___ Data

(* (i) The first-order supertransvectant $J^{\lambda,\mu}_1$, i.e. the bracket $[f,g]=\mu\,f'\,g-\lambda\,f\,g'-(-1)^{\sigma(f)}\,\tfrac{1}{2}\,\overline{D}(f)\,\overline{D}(g)$, corresponds to the Poisson bracket on $\mathbb{R}^{2|1}$: $$F_{[f,g]}=\frac{1}{2}\,\{F_f,F_g\}.$$ (ii) The supertransvectant of order $\tfrac12$, i.e. the odd bracket $(f,g)=\mu\,\overline{D}(f)\,g-(-1)^{\sigma(f)}\,\lambda\,f\,\overline{D}(g)$, corresponds to the ghost Poisson bracket: $$F_{(f,g)}=-\frac{1}{2}\,\{F_f,F_g\}_{\rm gPb}.$$
   Context: The supercircle $S^{1|1}$ has function algebra $C^\infty_{\mathbb{C}}(S^1)[\xi]$ with $\xi$ odd, $\xi^2=0$; functions are $f(x,\xi)=f_0(x)+\xi f_1(x)$, with parity $\sigma(f_0)=0$, $\sigma(\xi f_1)=1$. For $\lambda\in\mathbb{C}$, $\mathcal{F}_\lambda$ denotes this space of functions regarded as $\lambda$-densities (with the $\mathrm{OSp}(1|2)$ fraction-linear action of weight $\lambda$). Let $\overline{D}=\frac{\partial}{\partial\xi}-\xi\frac{\partial}{\partial x}$ and $f'=\partial f/\partial x$. Take $f\in\mathcal{F}_\lambda$, $g\in\mathcal{F}_\mu$. On $\mathbb{R}^{2|1}$ with coordinates $(p,q,\tau)$ ($\tau$ odd), the Poisson bracket is $\{F,G\}=\frac{\partial F}{\partial p}\frac{\partial G}{\partial q}-\frac{\partial F}{\partial q}\frac{\partial G}{\partial p}+\frac{\partial F}{\partial \tau}\frac{\partial G}{\partial \tau}$, the Euler field is $\mathcal{E}=p\frac{\partial}{\partial p}+q\frac{\partial}{\partial q}+\tau\frac{\partial}{\partial \tau}$, and the ghost Poisson bracket is $\{F,G\}_{\rm gPb}=\frac{\partial F}{\partial \tau}\,\mathcal{E}(G)-(-1)^{\sigma(F)}\,\mathcal{E}(F)\,\frac{\partial G}{\partial \tau}+\tau\left(\frac{\partial F}{\partial p}\frac{\partial G}{\partial q}-\frac{\partial F}{\partial q}\frac{\partial G}{\partial p}\right)$. The symplectic lifting associates to $f\in\mathcal{F}_\lambda$ the function homogeneous of degree $-2\lambda$ on $\mathbb{R}^{2|1}$ $$F_f(p,q,\tau)=p^{-2\lambda}f\!\left(\tfrac{q}{p},\tfrac{\tau}{p}\right)=p^{-2\lambda}f_0\!\left(\tfrac{q}{p}\right)+\tau\,p^{-2\lambda-1}f_1\!\left(\tfrac{q}{p}\right).$$ Note that $[f,g]\in\mathcal{F}_{\lambda+\mu+1}$ and $(f,g)\in\mathcal{F}_{\lambda+\mu+\frac12}$. *)

theory Defs
  imports "HOL-Analysis.Analysis"
begin

text \<open>Superfunctions on the supercircle S^{1|1}: f(x,xi) = f0(x) + xi f1(x), represented by
  the pair (f0, f1) of complex-valued functions of the real coordinate x
  (functions on S^1 = R / 2 pi Z are viewed as 2pi-periodic functions on R).\<close>
type_synonym sfun = "(real \<Rightarrow> complex) \<times> (real \<Rightarrow> complex)"

text \<open>Functions on R^{2|1}: F(p,q,tau) = A(p,q) + tau B(p,q), represented by the pair (A, B).\<close>
type_synonym sfun3 = "(real \<Rightarrow> real \<Rightarrow> complex) \<times> (real \<Rightarrow> real \<Rightarrow> complex)"

definition smooth_fun :: "(real \<Rightarrow> complex) \<Rightarrow> bool" where
  "smooth_fun h \<longleftrightarrow> (\<exists>D. D 0 = h \<and> (\<forall>n x. (D n has_vector_derivative D (Suc n) x) (at x)))"

definition circle_fun :: "(real \<Rightarrow> complex) \<Rightarrow> bool" where
  "circle_fun h \<longleftrightarrow> smooth_fun h \<and> (\<forall>x. h (x + 2 * pi) = h x)"

definition on_S11 :: "sfun \<Rightarrow> bool" where
  "on_S11 f \<longleftrightarrow> circle_fun (fst f) \<and> circle_fun (snd f)"

definition homogeneous :: "sfun \<Rightarrow> nat \<Rightarrow> bool" where
  "homogeneous f s \<longleftrightarrow> (s = 0 \<and> snd f = (\<lambda>x. 0)) \<or> (s = 1 \<and> fst f = (\<lambda>x. 0))"

definition sadd :: "sfun \<Rightarrow> sfun \<Rightarrow> sfun" where
  "sadd f g = (\<lambda>x. fst f x + fst g x, \<lambda>x. snd f x + snd g x)"

definition sscale :: "complex \<Rightarrow> sfun \<Rightarrow> sfun" where
  "sscale c f = (\<lambda>x. c * fst f x, \<lambda>x. c * snd f x)"

text \<open>(f0 + xi f1)(g0 + xi g1) = f0 g0 + xi (f1 g0 + f0 g1)\<close>
definition smult :: "sfun \<Rightarrow> sfun \<Rightarrow> sfun" where
  "smult f g = (\<lambda>x. fst f x * fst g x, \<lambda>x. snd f x * fst g x + fst f x * snd g x)"

definition sdx :: "sfun \<Rightarrow> sfun" where
  "sdx f = (\<lambda>x. vector_derivative (fst f) (at x), \<lambda>x. vector_derivative (snd f) (at x))"

text \<open>Dbar = d/dxi - xi d/dx, so Dbar(f0 + xi f1) = f1 - xi f0'.\<close>
definition Dbar :: "sfun \<Rightarrow> sfun" where
  "Dbar f = (snd f, \<lambda>x. - vector_derivative (fst f) (at x))"

definition sbracket :: "complex \<Rightarrow> complex \<Rightarrow> nat \<Rightarrow> sfun \<Rightarrow> sfun \<Rightarrow> sfun" where
  "sbracket lam mu s f g =
     sadd (sadd (sscale mu (smult (sdx f) g)) (sscale (- lam) (smult f (sdx g))))
          (sscale (- ((-1) ^ s / 2)) (smult (Dbar f) (Dbar g)))"

definition sbracket_half :: "complex \<Rightarrow> complex \<Rightarrow> nat \<Rightarrow> sfun \<Rightarrow> sfun \<Rightarrow> sfun" where
  "sbracket_half lam mu s f g =
     sadd (sscale mu (smult (Dbar f) g)) (sscale (- ((-1) ^ s * lam)) (smult f (Dbar g)))"

definition sadd3 :: "sfun3 \<Rightarrow> sfun3 \<Rightarrow> sfun3" where
  "sadd3 F G = (\<lambda>p q. fst F p q + fst G p q, \<lambda>p q. snd F p q + snd G p q)"

definition sscale3 :: "complex \<Rightarrow> sfun3 \<Rightarrow> sfun3" where
  "sscale3 c F = (\<lambda>p q. c * fst F p q, \<lambda>p q. c * snd F p q)"

text \<open>(A + tau B)(C + tau E) = A C + tau (B C + A E)\<close>
definition smult3 :: "sfun3 \<Rightarrow> sfun3 \<Rightarrow> sfun3" where
  "smult3 F G = (\<lambda>p q. fst F p q * fst G p q, \<lambda>p q. snd F p q * fst G p q + fst F p q * snd G p q)"

definition dp :: "sfun3 \<Rightarrow> sfun3" where
  "dp F = (\<lambda>p q. vector_derivative (\<lambda>t. fst F t q) (at p),
           \<lambda>p q. vector_derivative (\<lambda>t. snd F t q) (at p))"

definition dq :: "sfun3 \<Rightarrow> sfun3" where
  "dq F = (\<lambda>p q. vector_derivative (\<lambda>t. fst F p t) (at q),
           \<lambda>p q. vector_derivative (\<lambda>t. snd F p t) (at q))"

definition dtau :: "sfun3 \<Rightarrow> sfun3" where
  "dtau F = (snd F, \<lambda>p q. 0)"

definition tau_mult :: "sfun3 \<Rightarrow> sfun3" where
  "tau_mult F = (\<lambda>p q. 0, fst F)"

text \<open>Euler field E = p d/dp + q d/dq + tau d/dtau\<close>
definition euler :: "sfun3 \<Rightarrow> sfun3" where
  "euler F = (\<lambda>p q. of_real p * fst (dp F) p q + of_real q * fst (dq F) p q,
              \<lambda>p q. of_real p * snd (dp F) p q + of_real q * snd (dq F) p q + snd F p q)"

definition poisson :: "sfun3 \<Rightarrow> sfun3 \<Rightarrow> sfun3" where
  "poisson F G =
     sadd3 (sadd3 (smult3 (dp F) (dq G)) (sscale3 (-1) (smult3 (dq F) (dp G))))
           (smult3 (dtau F) (dtau G))"

text \<open>Ghost Poisson bracket; s is the parity sigma(F) of F.\<close>
definition ghost_poisson :: "nat \<Rightarrow> sfun3 \<Rightarrow> sfun3 \<Rightarrow> sfun3" where
  "ghost_poisson s F G =
     sadd3 (sadd3 (smult3 (dtau F) (euler G)) (sscale3 (- ((-1) ^ s)) (smult3 (euler F) (dtau G))))
           (tau_mult (sadd3 (smult3 (dp F) (dq G)) (sscale3 (-1) (smult3 (dq F) (dp G)))))"

text \<open>Symplectic lifting of a lam-density f: F_f(p,q,tau) = p^(-2 lam) f(q/p, tau/p)
  = p^(-2 lam) f0(q/p) + tau p^(-2 lam - 1) f1(q/p)  (considered for p > 0).\<close>
definition lift :: "complex \<Rightarrow> sfun \<Rightarrow> sfun3" where
  "lift lam f = (\<lambda>p q. (of_real p) powr (- 2 * lam) * fst f (q / p),
                 \<lambda>p q. (of_real p) powr (- 2 * lam - 1) * snd f (q / p))"

definition at_point :: "sfun3 \<Rightarrow> real \<Rightarrow> real \<Rightarrow> complex \<times> complex" where
  "at_point F p q = (fst F p q, snd F p q)"

end

theory Submission
  imports Defs
begin

text \<open>The lift of a \<open>\<lambda>\<close>-density is homogeneous of degree \<open>-2\<lambda>\<close>, so by the chain rule its
  partial derivatives in \<open>p\<close> and \<open>q\<close> are again of the form \<open>p\<^sup>c h(q/p)\<close> with \<open>h\<close> built from
  \<open>f\<close> and \<open>f'\<close>, and the Euler field acts on it as multiplication by \<open>-2\<lambda>\<close>. After
  substituting these formulas, both sides of each identity are \<open>p\<^sup>-\<^sup>2\<^sup>\<lambda> p\<^sup>-\<^sup>2\<^sup>\<mu>\<close> times the
  same rational expression in \<open>p\<close> and the values of \<open>f, f', g, g'\<close> at \<open>q/p\<close>.\<close>

lemma has_vector_derivative_of_real_powr:
  assumes "p > 0"
  shows "((\<lambda>t. complex_of_real t powr c) has_vector_derivative c * complex_of_real p powr (c - 1)) (at p)"
proof -
  have "complex_of_real p \<notin> \<real>\<^sub>\<le>\<^sub>0"
    using assms by (auto simp: nonpos_Reals_def)
  then show ?thesis
    by (rule has_vector_derivative_real_field[OF has_field_derivative_powr])
qed

lemma of_real_powr_diff_one:
  "p > 0 \<Longrightarrow> complex_of_real p powr (c - 1) = complex_of_real p powr c / complex_of_real p"
  by (simp add: powr_diff)

lemma of_real_powr_diff_numeral:
  "p > 0 \<Longrightarrow> complex_of_real p powr (c - numeral n) = complex_of_real p powr c / complex_of_real p ^ numeral n"
  by (simp add: powr_diff)

lemma of_real_powr_weight_add:
  assumes "p > 0"
  shows "complex_of_real p powr (- 2 * (lam + mu + k))
       = complex_of_real p powr (- 2 * lam) * complex_of_real p powr (- 2 * mu) / complex_of_real p powr (2 * k)"
proof -
  have "- 2 * (lam + mu + k) = - 2 * lam + - 2 * mu - 2 * k"
    by (simp add: algebra_simps)
  then show ?thesis
    by (simp only: powr_add powr_diff)
qed

lemma vector_derivative_homogeneous_wrt_p:
  assumes h: "h differentiable at (q / p)" and p: "p > 0"
  shows "vector_derivative (\<lambda>t. complex_of_real t powr c * h (q / t)) (at p)
       = complex_of_real p powr (c - 1) * (c * h (q / p) - complex_of_real (q / p) * vector_derivative h (at (q / p)))"
proof -
  have "((\<lambda>t. q / t) has_real_derivative - q / p^2) (at p)"
    using p by (auto intro!: derivative_eq_intros simp: power2_eq_square)
  then have "((h \<circ> (\<lambda>t. q / t)) has_vector_derivative (- q / p^2) *\<^sub>R vector_derivative h (at (q / p))) (at p)"
    by (intro vector_diff_chain_at vector_derivative_works[THEN iffD1, OF h])
      (simp add: has_real_derivative_iff_has_vector_derivative)
  from has_vector_derivative_mult[OF has_vector_derivative_of_real_powr[OF p] this]
  show ?thesis
    using p by (subst vector_derivative_at)
      (auto simp: scaleR_conv_of_real of_real_powr_diff_one field_simps power2_eq_square)
qed

lemma vector_derivative_homogeneous_wrt_q:
  assumes h: "h differentiable at (q / p)" and p: "p > 0"
  shows "vector_derivative (\<lambda>t. complex_of_real p powr c * h (t / p)) (at q)
       = complex_of_real p powr (c - 1) * vector_derivative h (at (q / p))"
proof -
  have "((\<lambda>t. t / p) has_real_derivative 1 / p) (at q)"
    using p by (auto intro!: derivative_eq_intros)
  then have "((h \<circ> (\<lambda>t. t / p)) has_vector_derivative (1 / p) *\<^sub>R vector_derivative h (at (q / p))) (at q)"
    by (intro vector_diff_chain_at vector_derivative_works[THEN iffD1, OF h])
      (simp add: has_real_derivative_iff_has_vector_derivative)
  from has_vector_derivative_mult[OF has_vector_derivative_const this]
  show ?thesis
    using p by (subst vector_derivative_at) (auto simp: scaleR_conv_of_real of_real_powr_diff_one field_simps)
qed

lemma smooth_fun_differentiable: "smooth_fun h \<Longrightarrow> h differentiable at x"
  unfolding smooth_fun_def by (metis differentiableI_vector)

lemma on_S11_differentiable:
  "on_S11 f \<Longrightarrow> fst f differentiable at x \<and> snd f differentiable at x"
  by (simp add: on_S11_def circle_fun_def smooth_fun_differentiable)

lemma dp_lift:
  assumes f: "on_S11 f" and p: "p > 0"
  shows "fst (dp (lift lam f)) p q = complex_of_real p powr (- 2 * lam - 1)
           * (- 2 * lam * fst f (q / p) - complex_of_real (q / p) * vector_derivative (fst f) (at (q / p)))"
    and "snd (dp (lift lam f)) p q = complex_of_real p powr (- 2 * lam - 2)
           * ((- 2 * lam - 1) * snd f (q / p) - complex_of_real (q / p) * vector_derivative (snd f) (at (q / p)))"
  using on_S11_differentiable[OF f] p
  by (simp_all add: dp_def lift_def vector_derivative_homogeneous_wrt_p diff_diff_add)

lemma dq_lift:
  assumes f: "on_S11 f" and p: "p > 0"
  shows "fst (dq (lift lam f)) p q = complex_of_real p powr (- 2 * lam - 1) * vector_derivative (fst f) (at (q / p))"
    and "snd (dq (lift lam f)) p q = complex_of_real p powr (- 2 * lam - 2) * vector_derivative (snd f) (at (q / p))"
  using on_S11_differentiable[OF f] p
  by (simp_all add: dq_def lift_def vector_derivative_homogeneous_wrt_q diff_diff_add)

lemma euler_lift:
  assumes f: "on_S11 f" and p: "p > 0"
  shows "fst (euler (lift lam f)) p q = - 2 * lam * fst (lift lam f) p q"
    and "snd (euler (lift lam f)) p q = - 2 * lam * snd (lift lam f) p q"
  unfolding euler_def fst_conv snd_conv dp_lift[OF f p] dq_lift[OF f p]
  using p by (simp_all add: lift_def of_real_powr_diff_one of_real_powr_diff_numeral field_simps power2_eq_square)

text \<open>The derivatives of the lifts must be rewritten before \<open>lift_def\<close> is unfolded, hence
  the two \<open>unfolding\<close> steps. The sign \<open>(-1)\<^sup>s\<close> in the brackets on \<open>S\<^sup>1\<^sup>|\<^sup>1\<close> matches the
  unsigned \<open>\<tau>\<close>-terms on \<open>\<real>\<^sup>2\<^sup>|\<^sup>1\<close> only when \<open>f\<close> has parity \<open>s\<close>, hence the case split.\<close>

lemma lift_sbracket:
  assumes f: "on_S11 f" and g: "on_S11 g" and hom: "homogeneous f s" and p: "p > 0"
  shows "at_point (lift (lam + mu + 1) (sbracket lam mu s f g)) p q
       = at_point (sscale3 (1/2) (poisson (lift lam f) (lift mu g))) p q"
proof -
  from hom consider "s = 0" "snd f = (\<lambda>x. 0)" | "s = 1" "fst f = (\<lambda>x. 0)"
    unfolding homogeneous_def by blast
  then show ?thesis
    unfolding at_point_def poisson_def sadd3_def sscale3_def smult3_def fst_conv snd_conv
      dp_lift[OF f p] dp_lift[OF g p] dq_lift[OF f p] dq_lift[OF g p]
    unfolding lift_def dtau_def sbracket_def sadd_def sscale_def smult_def sdx_def Dbar_def fst_conv snd_conv
      of_real_powr_weight_add[OF p] of_real_powr_diff_one[OF p] of_real_powr_diff_numeral[OF p]
    using p by cases (simp_all add: field_simps power2_eq_square)
qed

lemma lift_sbracket_half:
  assumes f: "on_S11 f" and g: "on_S11 g" and hom: "homogeneous f s" and p: "p > 0"
  shows "at_point (lift (lam + mu + 1/2) (sbracket_half lam mu s f g)) p q
       = at_point (sscale3 (- 1/2) (ghost_poisson s (lift lam f) (lift mu g))) p q"
proof -
  from hom consider "s = 0" "snd f = (\<lambda>x. 0)" | "s = 1" "fst f = (\<lambda>x. 0)"
    unfolding homogeneous_def by blast
  then show ?thesis
    unfolding at_point_def ghost_poisson_def sadd3_def sscale3_def smult3_def tau_mult_def fst_conv snd_conv
      dp_lift[OF f p] dp_lift[OF g p] dq_lift[OF f p] dq_lift[OF g p] euler_lift[OF f p] euler_lift[OF g p]
    unfolding lift_def dtau_def sbracket_half_def sadd_def sscale_def smult_def sdx_def Dbar_def fst_conv snd_conv
      of_real_powr_weight_add[OF p] of_real_powr_diff_one[OF p] of_real_powr_diff_numeral[OF p]
    using p by cases (simp_all add: field_simps power2_eq_square)
qed

theorem proposition3p1:
  fixes lam mu :: complex and f g :: sfun and s :: nat
  assumes "on_S11 f" and "on_S11 g" and "homogeneous f s"
  shows "(\<forall>p q. p > 0 \<longrightarrow>
           at_point (lift (lam + mu + 1) (sbracket lam mu s f g)) p q
             = at_point (sscale3 (1/2) (poisson (lift lam f) (lift mu g))) p q)
       \<and> (\<forall>p q. p > 0 \<longrightarrow>
           at_point (lift (lam + mu + 1/2) (sbracket_half lam mu s f g)) p q
             = at_point (sscale3 (- 1/2) (ghost_poisson s (lift lam f) (lift mu g))) p q)"
  using lift_sbracket[OF assms] lift_sbracket_half[OF assms] by blast

end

______

Task details ▸ Your task is to gather all lines from the entries above that hold the word "bool".

Answer for this exercise ▸
definition smooth_fun :: "(real \<Rightarrow> complex) \<Rightarrow> bool" where
definition circle_fun :: "(real \<Rightarrow> complex) \<Rightarrow> bool" where
definition on_S11 :: "sfun \<Rightarrow> bool" where
definition homogeneous :: "sfun \<Rightarrow> nat \<Rightarrow> bool" where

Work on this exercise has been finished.